### [Action item]
What do the lines from the top of the data through the line with "sets borel \<and>" say? Quote them exactly and include both ends.

%%

(* Let $n$ be a positive integer, let $\mathcal{K}$ be a finite subset of $\mathbb{Z}_+^n$ containing $\mathbf{0}=(0,\ldots,0)$, and let $(s_{\mathbf{k}})_{\mathbf{k}\in\mathcal{K}}$ be complex numbers. There exists a (non-negative) measure $\mu$ on the Borel $\sigma$-algebra $\mathfrak{B}(\mathbb{C}^n)$ such that $$\int_{\mathbb{C}^n} \mathbf{z}^{\mathbf{k}}\, d\mu(\mathbf{z}) = s_{\mathbf{k}}\qquad \text{for all } \mathbf{k}\in\mathcal{K}$$ if and only if one of the following conditions holds: (a) $s_{\mathbf{0}}>0$; (b) $s_{\mathbf{k}}=0$ for all $\mathbf{k}\in\mathcal{K}$. Moreover, if one of conditions (a), (b) is satisfied, then there exists such a measure $\mu$ with compact support.
   Context: $\mathbb{Z}_+$ denotes the set of non-negative integers. For $\mathbf{k}=(k_1,\ldots,k_n)\in\mathbb{Z}_+^n$ and $\mathbf{z}=(z_1,\ldots,z_n)\in\mathbb{C}^n$, $\mathbf{z}^{\mathbf{k}}$ denotes the monomial $z_1^{k_1}\cdots z_n^{k_n}$ (no complex conjugates appear). A measure here means a non-negative measure on the Borel sets of $\mathbb{C}^n$, with respect to which the monomials $\mathbf{z}^{\mathbf{k}}$, $\mathbf{k}\in\mathcal{K}$, are integrable. *)

theory Defs
  imports "HOL-Analysis.Analysis"
begin

text \<open>Points of C^n are modelled as complex^'n (dimension n = CARD('n) \<ge> 1),
multi-indices in Z_+^n as nat^'n.\<close>

definition monomial :: "nat ^ 'n::finite \<Rightarrow> complex ^ 'n \<Rightarrow> complex" where
  "monomial k z = (\<Prod>i\<in>UNIV. (z $ i) ^ (k $ i))"

definition measure_support :: "(complex ^ 'n::finite) measure \<Rightarrow> (complex ^ 'n) set" where
  "measure_support \<mu> = {z. \<forall>e>0. emeasure \<mu> (ball z e) \<noteq> 0}"

definition solves_moments ::
  "(nat ^ 'n::finite) set \<Rightarrow> (nat ^ 'n \<Rightarrow> complex) \<Rightarrow> (complex ^ 'n) measure \<Rightarrow> bool" where
  "solves_moments K s \<mu> \<longleftrightarrow> sets \<mu> = sets borel \<and>
     (\<forall>k\<in>K. integrable \<mu> (monomial k) \<and> integral\<^sup>L \<mu> (monomial k) = s k)"

end

theory Submission
  imports Defs
begin

text \<open>Necessity: the moment at \<open>0\<close> is the total mass, and a measure of total mass zero has
all moments zero. Sufficiency: finitely atomic measures suffice, and their moment sequences on \<open>K\<close>
form a convex cone. For \<open>k \<noteq> 0\<close>, \<open>\<beta> > 0\<close> and any \<open>c\<close>, put atoms at the points
\<open>(r \<omega>\<^bsup>g\<^sub>1\<^esup>, \<dots>, r \<omega>\<^bsup>g\<^sub>n\<^esup>)\<close>, \<open>\<omega> = e\<^bsup>2\<pi>i/N\<^esup>\<close>, \<open>g \<in> {0..N-1}\<^sup>n\<close>,
with weights proportional to \<open>1 + Re (v \<omega>\<^bsup>\<langle>k,g\<rangle>\<^esup>)\<close>. By orthogonality of the characters
of \<open>(\<int>/N)\<^sup>n\<close>, the moments are \<open>\<beta>\<close> at \<open>0\<close>, \<open>c\<close> at \<open>k\<close> and \<open>0\<close> at every other \<open>j\<close>
with \<open>j + k < N\<close>, where \<open>r\<close> is taken large enough that the required \<open>v\<close> has \<open>|v| \<le> 1\<close>, which
keeps the weights nonnegative. Summing these over \<open>k \<in> K - {0}\<close> with \<open>c = s\<^sub>k\<close>, together with a
point mass at the origin, gives \<open>s\<close>.\<close>

lemma monomial_zero_exponent [simp]: "monomial 0 z = 1"
  by (simp add: monomial_def)

lemma monomial_at_zero: "monomial j (0 :: complex ^ 'n::finite) = (if j = 0 then 1 else 0)"
proof (cases "j = 0")
  case False
  then obtain i where "j $ i \<noteq> 0" by (auto simp: vec_eq_iff)
  then have "(\<Prod>i\<in>UNIV. (0::complex) ^ (j $ i)) = 0" by (intro prod_zero) auto
  with False show ?thesis by (simp add: monomial_def)
qed simp

lemma borel_measurable_monomial [measurable]: "monomial k \<in> borel_measurable borel"
  unfolding monomial_def by (intro borel_measurable_continuous_onI continuous_intros)

definition atomic_moments :: "(nat ^ 'n::finite) set \<Rightarrow> (nat ^ 'n \<Rightarrow> complex) \<Rightarrow> bool" where
  "atomic_moments K s \<longleftrightarrow> (\<exists>S w. finite S \<and> (\<forall>z\<in>S. 0 \<le> w z) \<and>
     (\<forall>k\<in>K. (\<Sum>z\<in>S. of_real (w z) * monomial k z) = s k))"

lemma atomic_moments_compact_solution:
  fixes K :: "(nat ^ 'n::finite) set"
  assumes "atomic_moments K s"
  shows "\<exists>\<mu>. solves_moments K s \<mu> \<and> compact (measure_support \<mu>)"
proof -
  obtain S and w :: "complex ^ 'n \<Rightarrow> real" where S: "finite S" and w: "\<And>z. z \<in> S \<Longrightarrow> 0 \<le> w z"
    and mom: "\<And>k. k \<in> K \<Longrightarrow> (\<Sum>z\<in>S. of_real (w z) * monomial k z) = s k"
    using assms unfolding atomic_moments_def by blast
  define M where "M = density (count_space S) (\<lambda>z. ennreal (w z))"
  define \<mu> where "\<mu> = distr M borel (\<lambda>z. z)"
  have meas: "(\<lambda>z. z) \<in> measurable M borel" unfolding M_def by simp
  have AE: "AE z in count_space S. 0 \<le> w z"
    using w by (simp add: AE_count_space)
  have "solves_moments K s \<mu>"
    unfolding solves_moments_def
  proof (intro conjI ballI)
    show "sets \<mu> = sets borel" unfolding \<mu>_def by simp
    fix k assume k: "k \<in> K"
    have "integrable M (monomial k)"
      unfolding M_def using S AE by (subst integrable_density) (auto intro: integrable_count_space)
    then show "integrable \<mu> (monomial k)"
      unfolding \<mu>_def using meas by (subst integrable_distr_eq) auto
    have "integral\<^sup>L \<mu> (monomial k) = integral\<^sup>L M (monomial k)"
      unfolding \<mu>_def using meas by (subst integral_distr) auto
    also have "\<dots> = (\<Sum>z\<in>S. w z *\<^sub>R monomial k z)"
      unfolding M_def using S AE
      by (subst integral_density) (auto simp: lebesgue_integral_count_space_finite)
    also have "\<dots> = s k" using mom[OF k] by (simp add: scaleR_conv_of_real)
    finally show "integral\<^sup>L \<mu> (monomial k) = s k" .
  qed
  moreover have "measure_support \<mu> \<subseteq> S"
  proof
    fix z assume z: "z \<in> measure_support \<mu>"
    show "z \<in> S"
    proof (rule ccontr)
      assume "z \<notin> S"
      moreover have "open (- S)" using S by (simp add: finite_imp_closed open_Compl)
      ultimately obtain e where e: "e > 0" "ball z e \<subseteq> - S"
        by (meson ComplI open_contains_ball)
      have "emeasure \<mu> (ball z e) = emeasure M (ball z e \<inter> S)"
        unfolding \<mu>_def using meas by (subst emeasure_distr) (auto simp: M_def Int_commute)
      also have "ball z e \<inter> S = {}" using e(2) by blast
      finally have "emeasure \<mu> (ball z e) = 0" by simp
      then show False using z e(1) unfolding measure_support_def by auto
    qed
  qed
  then have "compact (measure_support \<mu>)"
    using S by (meson finite_imp_compact finite_subset)
  ultimately show ?thesis by blast
qed

lemma atomic_momentsI:
  fixes K :: "(nat ^ 'n::finite) set" and p :: "'i \<Rightarrow> complex ^ 'n"
  assumes "finite I" and "\<And>i. i \<in> I \<Longrightarrow> 0 \<le> w i"
    and "\<And>k. k \<in> K \<Longrightarrow> (\<Sum>i\<in>I. of_real (w i) * monomial k (p i)) = s k"
  shows "atomic_moments K s"
  unfolding atomic_moments_def
proof (intro exI conjI ballI)
  define u where "u z = (\<Sum>i\<in>{i\<in>I. p i = z}. w i)" for z
  show "finite (p ` I)" using assms(1) by simp
  show "0 \<le> u z" for z unfolding u_def using assms(2) by (intro sum_nonneg) auto
  fix k assume "k \<in> K"
  have "(\<Sum>z\<in>p ` I. of_real (u z) * monomial k z) = (\<Sum>i\<in>I. of_real (w i) * monomial k (p i))"
    unfolding u_def using assms(1)
    by (subst sum.image_gen[of I "\<lambda>i. of_real (w i) * monomial k (p i)" p])
       (auto intro!: sum.cong simp: sum_distrib_right)
  then show "(\<Sum>z\<in>p ` I. of_real (u z) * monomial k z) = s k"
    using assms(3)[OF \<open>k \<in> K\<close>] by simp
qed

lemma atomic_moments_point_mass:
  assumes "0 \<le> c"
  shows "atomic_moments K (\<lambda>k. of_real c * monomial k z)"
  using assms by (intro atomic_momentsI[of "{()}" "\<lambda>_. c" K "\<lambda>_. z"]) auto

lemma atomic_moments_zero: "atomic_moments K (\<lambda>k. 0)"
  unfolding atomic_moments_def by (intro exI[of _ "{}"]) auto

lemma atomic_moments_add:
  fixes K :: "(nat ^ 'n::finite) set"
  assumes "atomic_moments K s" and "atomic_moments K t"
  shows "atomic_moments K (\<lambda>k. s k + t k)"
proof -
  obtain S and w :: "complex ^ 'n \<Rightarrow> real" where S: "finite S" "\<And>z. z \<in> S \<Longrightarrow> 0 \<le> w z"
    "\<And>k. k \<in> K \<Longrightarrow> (\<Sum>z\<in>S. of_real (w z) * monomial k z) = s k"
    using assms(1) unfolding atomic_moments_def by blast
  obtain T and v :: "complex ^ 'n \<Rightarrow> real" where T: "finite T" "\<And>z. z \<in> T \<Longrightarrow> 0 \<le> v z"
    "\<And>k. k \<in> K \<Longrightarrow> (\<Sum>z\<in>T. of_real (v z) * monomial k z) = t k"
    using assms(2) unfolding atomic_moments_def by blast
  show ?thesis
  proof (rule atomic_momentsI[of "S <+> T" "case_sum w v" K "case_sum (\<lambda>z. z) (\<lambda>z. z)"])
    fix k assume "k \<in> K"
    then show "(\<Sum>i\<in>S <+> T. of_real (case_sum w v i) * monomial k (case_sum (\<lambda>z. z) (\<lambda>z. z) i))
        = s k + t k"
      using S T by (simp add: sum.Plus)
  qed (use S T in auto)
qed

lemma atomic_moments_sum:
  assumes "finite A" and "\<And>a. a \<in> A \<Longrightarrow> atomic_moments K (f a)"
  shows "atomic_moments K (\<lambda>k. \<Sum>a\<in>A. f a k)"
  using assms by (induction A rule: finite_induct) (auto intro: atomic_moments_zero atomic_moments_add)

lemma atomic_moments_mono:
  assumes "atomic_moments L s" and "K \<subseteq> L"
  shows "atomic_moments K s"
  using assms unfolding atomic_moments_def by blast

lemma atomic_moments_cong:
  assumes "atomic_moments K s" and "\<And>k. k \<in> K \<Longrightarrow> s k = t k"
  shows "atomic_moments K t"
  using assms unfolding atomic_moments_def by metis

lemma cis_eq_1_iff: "cis x = 1 \<longleftrightarrow> (\<exists>m::int. x = 2 * pi * of_int m)"
proof
  assume "cis x = 1"
  then have "cos x = 1" by (simp add: complex_eq_iff)
  then show "\<exists>m::int. x = 2 * pi * of_int m"
    by (auto simp: cos_one_2pi_int mult.commute)
qed auto

lemma cis_root_of_unity_eq_1_iff:
  assumes "N > 0"
  shows "cis (2 * pi * of_int a / of_nat N) = 1 \<longleftrightarrow> int N dvd a"
proof -
  have "2 * pi * of_int a / of_nat N = 2 * pi * of_int m \<longleftrightarrow> a = int N * m" for m :: int
  proof -
    have "2 * pi * of_int a / of_nat N = 2 * pi * of_int m \<longleftrightarrow> real_of_int a = of_nat N * of_int m"
      using assms by (auto simp: field_simps)
    also have "\<dots> \<longleftrightarrow> a = int N * m"
      by (metis of_int_eq_iff of_int_mult of_int_of_nat_eq)
    finally show ?thesis .
  qed
  then show ?thesis by (auto simp: cis_eq_1_iff dvd_def)
qed

lemma cis_sum: "cis (\<Sum>i\<in>A. f i) = (\<Prod>i\<in>A. cis (f i))"
  by (induction A rule: infinite_finite_induct) (auto simp: cis_mult[symmetric])

lemma sum_powers_root_of_unity:
  fixes c :: complex
  assumes "c ^ N = 1" and "N > 0"
  shows "(\<Sum>b<N. c ^ b) = (if c = 1 then of_nat N else 0)"
  using assms by (simp add: sum_gp_strict)

definition torus_char :: "nat \<Rightarrow> ('n \<Rightarrow> int) \<Rightarrow> ('n::finite \<Rightarrow> nat) \<Rightarrow> complex" where
  "torus_char N a g = cis (2 * pi * of_int (\<Sum>i\<in>UNIV. a i * int (g i)) / of_nat N)"

lemma torus_char_mult:
  "torus_char N a g * torus_char N b g = torus_char N (\<lambda>i. a i + b i) g"
  unfolding torus_char_def by (simp add: cis_mult sum.distrib algebra_simps add_divide_distrib)

lemma cnj_torus_char: "cnj (torus_char N a g) = torus_char N (\<lambda>i. - a i) g"
  unfolding torus_char_def by (simp add: cis_cnj sum_negf)

lemma norm_torus_char [simp]: "norm (torus_char N a g) = 1"
  by (simp add: torus_char_def)

lemma torus_char_eq_prod:
  "torus_char N a g = (\<Prod>i\<in>UNIV. cis (2 * pi * of_int (a i) / of_nat N) ^ g i)"
proof -
  have "2 * pi * of_int (\<Sum>i\<in>UNIV. a i * int (g i)) / of_nat N
      = (\<Sum>i\<in>UNIV. real (g i) * (2 * pi * of_int (a i) / of_nat N))"
    by (simp add: sum_distrib_left sum_divide_distrib algebra_simps)
  \<comment> \<open>HOL-Analysis shadows \<open>DeMoivre\<close> by a version for \<open>cos z + i sin z\<close>, hence the qualified name.\<close>
  then show ?thesis by (simp add: torus_char_def cis_sum Complex.DeMoivre)
qed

%%

### [Solution for this exercise]
(* Let $n$ be a positive integer, let $\mathcal{K}$ be a finite subset of $\mathbb{Z}_+^n$ containing $\mathbf{0}=(0,\ldots,0)$, and let $(s_{\mathbf{k}})_{\mathbf{k}\in\mathcal{K}}$ be complex numbers. There exists a (non-negative) measure $\mu$ on the Borel $\sigma$-algebra $\mathfrak{B}(\mathbb{C}^n)$ such that $$\int_{\mathbb{C}^n} \mathbf{z}^{\mathbf{k}}\, d\mu(\mathbf{z}) = s_{\mathbf{k}}\qquad \text{for all } \mathbf{k}\in\mathcal{K}$$ if and only if one of the following conditions holds: (a) $s_{\mathbf{0}}>0$; (b) $s_{\mathbf{k}}=0$ for all $\mathbf{k}\in\mathcal{K}$. Moreover, if one of conditions (a), (b) is satisfied, then there exists such a measure $\mu$ with compact support.
   Context: $\mathbb{Z}_+$ denotes the set of non-negative integers. For $\mathbf{k}=(k_1,\ldots,k_n)\in\mathbb{Z}_+^n$ and $\mathbf{z}=(z_1,\ldots,z_n)\in\mathbb{C}^n$, $\mathbf{z}^{\mathbf{k}}$ denotes the monomial $z_1^{k_1}\cdots z_n^{k_n}$ (no complex conjugates appear). A measure here means a non-negative measure on the Borel sets of $\mathbb{C}^n$, with respect to which the monomials $\mathbf{z}^{\mathbf{k}}$, $\mathbf{k}\in\mathcal{K}$, are integrable. *)

theory Defs
  imports "HOL-Analysis.Analysis"
begin

text \<open>Points of C^n are modelled as complex^'n (dimension n = CARD('n) \<ge> 1),
multi-indices in Z_+^n as nat^'n.\<close>

definition monomial :: "nat ^ 'n::finite \<Rightarrow> complex ^ 'n \<Rightarrow> complex" where
  "monomial k z = (\<Prod>i\<in>UNIV. (z $ i) ^ (k $ i))"

definition measure_support :: "(complex ^ 'n::finite) measure \<Rightarrow> (complex ^ 'n) set" where
  "measure_support \<mu> = {z. \<forall>e>0. emeasure \<mu> (ball z e) \<noteq> 0}"

definition solves_moments ::
  "(nat ^ 'n::finite) set \<Rightarrow> (nat ^ 'n \<Rightarrow> complex) \<Rightarrow> (complex ^ 'n) measure \<Rightarrow> bool" where
  "solves_moments K s \<mu> \<longleftrightarrow> sets \<mu> = sets borel \<and>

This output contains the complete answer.